**Work request:** Once you find the line with "assms(1) by (simp add: Eadm_def)" in the entries below, return exactly every line from it through the line with "powr \<alpha> \<le> (4/3)".

**Records from a collection:**
definition gexcess :: "real \<Rightarrow> real" where
  "gexcess e = logq e - ln (2 - exp (logq e))"

definition epar :: "real \<Rightarrow> real" where
  "epar a = a powr (\<alpha> - 1) - 1"

definition epar_inv :: "real \<Rightarrow> real" where
  "epar_inv e = (1 + e) powr (1 / (\<alpha> - 1))"

lemma orb3_strict_antimono:
  assumes "0 < x" "x < y"
  shows "orb3 y < orb3 x"
proof -
  have "x powr \<alpha> < y powr \<alpha>" using assms \<alpha>_gt_1 by (intro powr_less_mono2) auto
  then have "(1 + x) * x powr \<alpha> < (1 + y) * y powr \<alpha>" using assms by (intro mult_strict_mono) auto
  then show ?thesis unfolding orb3_def by simp
qed

lemma EdomD:
  assumes "e \<in> Edom"
  shows "0 < e" "e < 1" "0 < orb3 e" "orb3 e < 1" "0 < orb3 e powr \<alpha>" "orb3 e powr \<alpha> < 1"
proof -
  show e: "0 < e" "e < 1" "0 < orb3 e" using assms by (auto simp: Edom_def)
  then show "orb3 e < 1" unfolding orb3_def by simp
  then show "0 < orb3 e powr \<alpha>" "orb3 e powr \<alpha> < 1"
    using e \<alpha>_gt_1 powr_less_mono2[of \<alpha> "orb3 e" 1] by auto
qed

lemma Edom_downward:
  assumes "y \<in> Edom" "0 < x" "x \<le> y"
  shows "x \<in> Edom"
  using assms orb3_strict_antimono[of x y] by (cases "x = y") (auto simp: Edom_def)

lemma exp_logq:
  assumes "e \<in> Edom"
  shows "exp (logq e) = (1 - orb3 e powr \<alpha>) * (1 - e) / (e * orb3 e powr \<alpha>)"
proof -
  note E = EdomD[OF assms]
  have "exp (\<alpha> * ln (orb3 e)) = orb3 e powr \<alpha>" using E by (simp add: powr_def mult.commute)
  then show ?thesis using E by (simp add: logq_def exp_diff exp_add)
qed

lemma orb4_gt_neg:
  assumes "e \<in> Edom"
  shows "- e < orb4 e"
proof -
  note E = EdomD[OF assms]
  have "(1 + e) * orb3 e powr \<alpha> < 1 + e" using E by simp
  then show ?thesis unfolding orb4_def by simp
qed

lemma orb4_less_iff:
  assumes "e \<in> Edom"
  shows "orb4 e < e \<longleftrightarrow> exp (logq e) < 2"
proof -
  note E = EdomD[OF assms]
  have "exp (logq e) < 2 \<longleftrightarrow> (1 - orb3 e powr \<alpha>) * (1 - e) < 2 * (e * orb3 e powr \<alpha>)"
    unfolding exp_logq[OF assms] using E by (simp add: pos_divide_less_eq)
  also have "\<dots> \<longleftrightarrow> orb4 e < e" unfolding orb4_def by (simp add: algebra_simps)
  finally show ?thesis by simp
qed

lemma has_real_derivative_orb3:
  assumes "0 < e"
  shows "(orb3 has_real_derivative - (e powr \<alpha> + (1 + e) * \<alpha> * e powr (\<alpha> - 1))) (at e)"
  unfolding orb3_def[abs_def] using assms
  by (auto intro!: derivative_eq_intros simp: algebra_simps)

lemma has_real_derivative_logq:
  assumes "e \<in> Edom"
  shows "(logq has_real_derivative dlogq e) (at e)"
proof -
  note E = EdomD[OF assms]
  define d where "d = e powr \<alpha> + (1 + e) * \<alpha> * e powr (\<alpha> - 1)"
  have "(orb3 has_real_derivative - d) (at e)"
    unfolding d_def by (rule has_real_derivative_orb3[OF E(1)])
  then have "(logq has_real_derivative - (\<alpha> * orb3 e powr (\<alpha> - 1) * - d) / (1 - orb3 e powr \<alpha>)
      - \<alpha> * (- d / orb3 e) - 1 / (1 - e) - 1 / e) (at e)"
    unfolding logq_def[abs_def] using E by (auto intro!: derivative_eq_intros)
  moreover have "orb3 e powr (\<alpha> - 1) = orb3 e powr \<alpha> / orb3 e"
    using E by (simp add: powr_diff)
  moreover have "- (\<alpha> * (orb3 e powr \<alpha> / orb3 e) * - d) / (1 - orb3 e powr \<alpha>) - \<alpha> * (- d / orb3 e)
      - 1 / (1 - e) - 1 / e = dlogq e"
    using E unfolding dlogq_def d_def[symmetric]
    by (simp add: divide_simps) (simp add: algebra_simps)
  ultimately show ?thesis by simp
qed

lemma orb3_mult_less:
  assumes "0 < e" "e < 1"
  shows "orb3 e * (1 + e) < (e + (1 + e) * \<alpha>) * (1 - e)"
proof -
  (* With F the difference and A = (\<alpha> - 1)(1 - e^2): e^\<alpha> > 0 gives e F > e (A - 2 e^2),
     Bernoulli gives F \<ge> e (1 + e^2 - A); adding, (1 + e) F > e (1 - e^2). *)
  define P where "P = e powr \<alpha>"
  have P: "0 < P" "1 + \<alpha> * (e - 1) \<le> P"
    using assms powr_ge_Bernoulli[of \<alpha> e] \<alpha>_gt_1 by (auto simp: P_def)
  have "(1 + e)^2 * (1 + \<alpha> * (e - 1)) \<le> (1 + e)^2 * P" using P by (intro mult_left_mono) auto
  moreover have "0 < e * ((1 + e)^2 * P)" using assms P by simp
  moreover have "0 < e * (1 - e^2)" using assms by (simp add: abs_square_less_1)
  ultimately have "0 < (1 + e) * ((e + (1 + e) * \<alpha>) * (1 - e) - (1 - (1 + e) * P) * (1 + e))"
    by (simp add: algebra_simps power2_eq_square power3_eq_cube)
  then show ?thesis using assms by (simp add: zero_less_mult_iff orb3_def P_def)
qed

lemma dlogq_pos:
  assumes "e \<in> Edom"
  shows "0 < dlogq e"
proof -
  note E = EdomD[OF assms]
  define d where "d = e powr \<alpha> + (1 + e) * \<alpha> * e powr (\<alpha> - 1)"
  have "e * e powr (\<alpha> - 1) = e powr \<alpha>" using E by (simp add: powr_mult_base)
  then have ed: "e * d = e powr \<alpha> * (e + (1 + e) * \<alpha>)" unfolding d_def by (simp add: algebra_simps)
  have "1 - orb3 e powr \<alpha> \<le> \<alpha> * (1 - orb3 e)"
    using powr_ge_Bernoulli[of \<alpha> "orb3 e"] \<alpha>_gt_1 E by (simp add: algebra_simps)
  then have "orb3 e * (1 - orb3 e powr \<alpha>) \<le> orb3 e * (\<alpha> * (1 - orb3 e))"
    using E by (intro mult_left_mono) auto
  also have "\<dots> = \<alpha> * e powr \<alpha> * (orb3 e * (1 + e))"
    by (simp add: orb3_def[of e] algebra_simps)
  also have "\<dots> < \<alpha> * e powr \<alpha> * ((e + (1 + e) * \<alpha>) * (1 - e))"
    using orb3_mult_less[OF E(1,2)] E \<alpha>_gt_1 by simp
  also have "\<dots> = \<alpha> * d * (e * (1 - e))" using ed by (simp add: algebra_simps)
  finally have "1 / (e * (1 - e)) < \<alpha> * d / (orb3 e * (1 - orb3 e powr \<alpha>))"
    using E by (simp add: divide_simps mult.commute)
  then show ?thesis unfolding dlogq_def d_def[symmetric] by simp
qed

lemma logq_strict_mono_on: "strict_mono_on Edom logq"
proof (rule strict_mono_onI)
  fix x y assume xy: "x \<in> Edom" "y \<in> Edom" "x < y"
  show "logq x < logq y"
  proof (rule DERIV_pos_imp_increasing[OF xy(3)])
    fix z assume z: "x \<le> z" "z \<le> y"
    then have "0 < z" using EdomD(1)[OF xy(1)] by linarith
    then have "z \<in> Edom" using Edom_downward[OF xy(2)] z by blast
    then show "\<exists>D. (logq has_real_derivative D) (at z) \<and> 0 < D"
      using has_real_derivative_logq dlogq_pos by blast
  qed
qed

lemma continuous_on_orb3: "continuous_on {0<..} orb3"
  using has_real_derivative_orb3
  by (intro continuous_at_imp_continuous_on ballI DERIV_isCont) auto

lemma continuous_on_exp_logq: "continuous_on Edom (\<lambda>e. exp (logq e))"
  using has_real_derivative_logq
  by (intro continuous_at_imp_continuous_on ballI continuous_intros DERIV_isCont) auto

lemma open_Edom: "open Edom"
proof -
  have "Edom = orb3 -` {0<..} \<inter> {0<..<1}" by (auto simp: Edom_def)
  moreover have "continuous_on {0<..<1} orb3"
    using continuous_on_orb3 by (rule continuous_on_subset) auto
  ultimately show ?thesis
    by (metis continuous_on_open_vimage open_greaterThan open_greaterThanLessThan)
qed

lemma open_Eadm: "open Eadm"
proof -
  have "Eadm = (\<lambda>e. exp (logq e)) -` {..<2} \<inter> Edom" by (auto simp: Eadm_def)
  then show ?thesis
    by (metis continuous_on_open_vimage open_Edom open_lessThan continuous_on_exp_logq)
qed

lemma Eadm_downward:
  assumes "y \<in> Eadm" "0 < x" "x \<le> y"
  shows "x \<in> Eadm"
proof -
  have "x \<in> Edom" "y \<in> Edom" using assms Edom_downward by (auto simp: Eadm_def)
  then have "exp (logq x) \<le> exp (logq y)"
    using strict_mono_on_leD[OF logq_strict_mono_on] assms(3) by simp
  also have "\<dots> < 2" using assms(1) by (simp add: Eadm_def)
  finally show ?thesis using \<open>x \<in> Edom\<close> by (simp add: Eadm_def)
qed

lemma has_real_derivative_gexcess:
  assumes "e \<in> Eadm"
  shows "(gexcess has_real_derivative 2 * dlogq e / (2 - exp (logq e))) (at e)"
proof -
  have E: "e \<in> Edom" "exp (logq e) < 2" using assms by (auto simp: Eadm_def)
  have "(gexcess has_real_derivative dlogq e - (- (exp (logq e) * dlogq e)) / (2 - exp (logq e))) (at e)"
    unfolding gexcess_def[abs_def] using E
    by (auto intro!: derivative_eq_intros has_real_derivative_logq)
  moreover have "dlogq e - (- (exp (logq e) * dlogq e)) / (2 - exp (logq e))
      = 2 * dlogq e / (2 - exp (logq e))"
    using E by (simp add: divide_simps) (simp add: algebra_simps)
  ultimately show ?thesis by simp
qed

lemma exp_logq_le:
  assumes "0 < e" "e \<le> 1/3"
  shows "e \<in> Edom" "exp (logq e) \<le> 2 * \<alpha> * 2 powr \<alpha> * e powr (\<alpha> - 1)"
proof -
  have "e powr \<alpha> \<le> e" using assms \<alpha>_gt_1 by (intro powr_le_one_le) auto
  then have "(1 + e) * e powr \<alpha> \<le> (4/3) * (1/3)"
    using assms by (intro mult_mono) auto
  then have x: "1/2 \<le> orb3 e" unfolding orb3_def by simp
  then show E: "e \<in> Edom" using assms by (simp add: Edom_def)
  note E = EdomD[OF E]
  have "(1/2) powr \<alpha> \<le> orb3 e powr \<alpha>" using x \<alpha>_gt_1 by (intro powr_mono2) auto
  then have inv_u: "1 / orb3 e powr \<alpha> \<le> 2 powr \<alpha>"
    using E by (simp add: powr_divide divide_simps mult.commute)
  have "1 - orb3 e powr \<alpha> \<le> \<alpha> * (1 - orb3 e)"
    using powr_ge_Bernoulli[of \<alpha> "orb3 e"] \<alpha>_gt_1 E by (simp add: algebra_simps)
  also have "\<dots> = \<alpha> * (1 + e) * e * e powr (\<alpha> - 1)"
    using assms by (simp add: orb3_def powr_mult_base)
  finally have "(1 - orb3 e powr \<alpha>) * (1 - e) \<le> \<alpha> * (1 + e) * e * e powr (\<alpha> - 1)"
    using E mult_left_le[of "1 - e" "1 - orb3 e powr \<alpha>"] by linarith
  then have "exp (logq e) \<le> \<alpha> * (1 + e) * e powr (\<alpha> - 1) * (1 / orb3 e powr \<alpha>)"
    unfolding exp_logq[OF \<open>e \<in> Edom\<close>] using E by (simp add: divide_simps ac_simps)
  also have "\<dots> \<le> \<alpha> * 2 * e powr (\<alpha> - 1) * 2 powr \<alpha>"
    using assms \<alpha>_gt_1 inv_u by (intro mult_mono) auto
  finally show "exp (logq e) \<le> 2 * \<alpha> * 2 powr \<alpha> * e powr (\<alpha> - 1)" by (simp add: ac_simps)
qed

lemma exp_logq_small:
  assumes "0 < c"
  obtains e where "e \<in> Edom" "e \<le> 1/3" "exp (logq e) < c"
proof -
  define K where "K = 4 * \<alpha> * 2 powr \<alpha>"
  have K: "0 < K" using \<alpha>_gt_1 by (simp add: K_def)
  define e where "e = min (1/3) ((c / K) powr (1 / (\<alpha> - 1)))"
  have e: "0 < e" "e \<le> 1/3" using assms K by (auto simp: e_def)
  have "e powr (\<alpha> - 1) \<le> ((c / K) powr (1 / (\<alpha> - 1))) powr (\<alpha> - 1)"
    using e \<alpha>_gt_1 by (intro powr_mono2) (auto simp: e_def)
  also have "\<dots> = c / K" using \<alpha>_gt_1 assms K by (simp add: powr_powr)
  finally have "2 * \<alpha> * 2 powr \<alpha> * e powr (\<alpha> - 1) \<le> c / 2"
    using K \<alpha>_gt_1 by (simp add: K_def divide_simps algebra_simps)
  then have "exp (logq e) < c" using exp_logq_le(2)[OF e] assms by linarith
  then show ?thesis using that exp_logq_le(1)[OF e] e by blast
qed

lemma exp_logq_large:
  obtains e where "e \<in> Edom" "2 \<le> exp (logq e)"
proof -
  (* Where 3_a = (1 - e)/(1 + e), the bound 3_a^\<alpha> \<le> 3_a already forces 4_a \<ge> e. *)
  define \<phi> where "\<phi> e = orb3 e - (1 - e) / (1 + e)" for e
  have "(1/4::real) powr \<alpha> \<le> 1/4" using \<alpha>_gt_1 by (intro powr_le_one_le) auto
  then have "\<phi> 1 \<le> 0" "0 \<le> \<phi> (1/4)" by (simp_all add: \<phi>_def orb3_def)
  moreover have "continuous_on {1/4..1} \<phi>"
    unfolding \<phi>_def using continuous_on_orb3
    by (intro continuous_intros) (auto elim: continuous_on_subset)
  ultimately obtain e where e: "1/4 \<le> e" "e \<le> 1" "\<phi> e = 0"
    using IVT2'[of \<phi> 1 0 "1/4"] by auto
  have x: "orb3 e = (1 - e) / (1 + e)" using e(3) by (simp add: \<phi>_def)
  have "e \<noteq> 1" using e(3) by (auto simp: \<phi>_def orb3_def)
  then have E: "e \<in> Edom" using e x by (simp add: Edom_def)
  have "orb3 e powr \<alpha> \<le> orb3 e"
    using EdomD[OF E] \<alpha>_gt_1 by (intro powr_le_one_le) auto
  then have "(1 + e) * orb3 e powr \<alpha> \<le> (1 + e) * orb3 e"
    using e by (intro mult_left_mono) auto
  also have "\<dots> = 1 - e" using e x by simp
  finally have "e \<le> orb4 e" unfolding orb4_def by simp
  then show ?thesis using that E orb4_less_iff[OF E] by fastforce
qed

lemma exp_logq_onto:
  assumes "0 < c" "c < 2"
  obtains e where "e \<in> Eadm" "exp (logq e) = c"
proof -
  obtain e1 where e1: "e1 \<in> Edom" "exp (logq e1) < c" using exp_logq_small[OF assms(1)] by blast
  obtain e2 where e2: "e2 \<in> Edom" "2 \<le> exp (logq e2)" using exp_logq_large by blast
  have "exp (logq e1) < exp (logq e2)" using e1 e2 assms(2) by linarith
  then have "e1 < e2"
    using strict_mono_on_leD[OF logq_strict_mono_on e2(1) e1(1)] by fastforce
  have sub: "{e1..e2} \<subseteq> Edom" using e1 e2 Edom_downward EdomD(1)[OF e1(1)] by auto
  then obtain e where e: "e1 \<le> e" "e \<le> e2" "exp (logq e) = c"
    using IVT'[of "\<lambda>e. exp (logq e)" e1 c e2] e1 e2 assms \<open>e1 < e2\<close>
      continuous_on_subset[OF continuous_on_exp_logq] by fastforce
  then have "e \<in> Eadm" using sub assms by (auto simp: Eadm_def)
  then show ?thesis using that e by blast
qed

**Task solution:**
  also have "\<dots> < 2" using assms(1) by (simp add: Eadm_def)
  finally show ?thesis using \<open>x \<in> Edom\<close> by (simp add: Eadm_def)
qed

lemma has_real_derivative_gexcess:
  assumes "e \<in> Eadm"
  shows "(gexcess has_real_derivative 2 * dlogq e / (2 - exp (logq e))) (at e)"
proof -
  have E: "e \<in> Edom" "exp (logq e) < 2" using assms by (auto simp: Eadm_def)
  have "(gexcess has_real_derivative dlogq e - (- (exp (logq e) * dlogq e)) / (2 - exp (logq e))) (at e)"
    unfolding gexcess_def[abs_def] using E
    by (auto intro!: derivative_eq_intros has_real_derivative_logq)
  moreover have "dlogq e - (- (exp (logq e) * dlogq e)) / (2 - exp (logq e))
      = 2 * dlogq e / (2 - exp (logq e))"
    using E by (simp add: divide_simps) (simp add: algebra_simps)
  ultimately show ?thesis by simp
qed

lemma exp_logq_le:
  assumes "0 < e" "e \<le> 1/3"
  shows "e \<in> Edom" "exp (logq e) \<le> 2 * \<alpha> * 2 powr \<alpha> * e powr (\<alpha> - 1)"
proof -
  have "e powr \<alpha> \<le> e" using assms \<alpha>_gt_1 by (intro powr_le_one_le) auto
  then have "(1 + e) * e powr \<alpha> \<le> (4/3) * (1/3)"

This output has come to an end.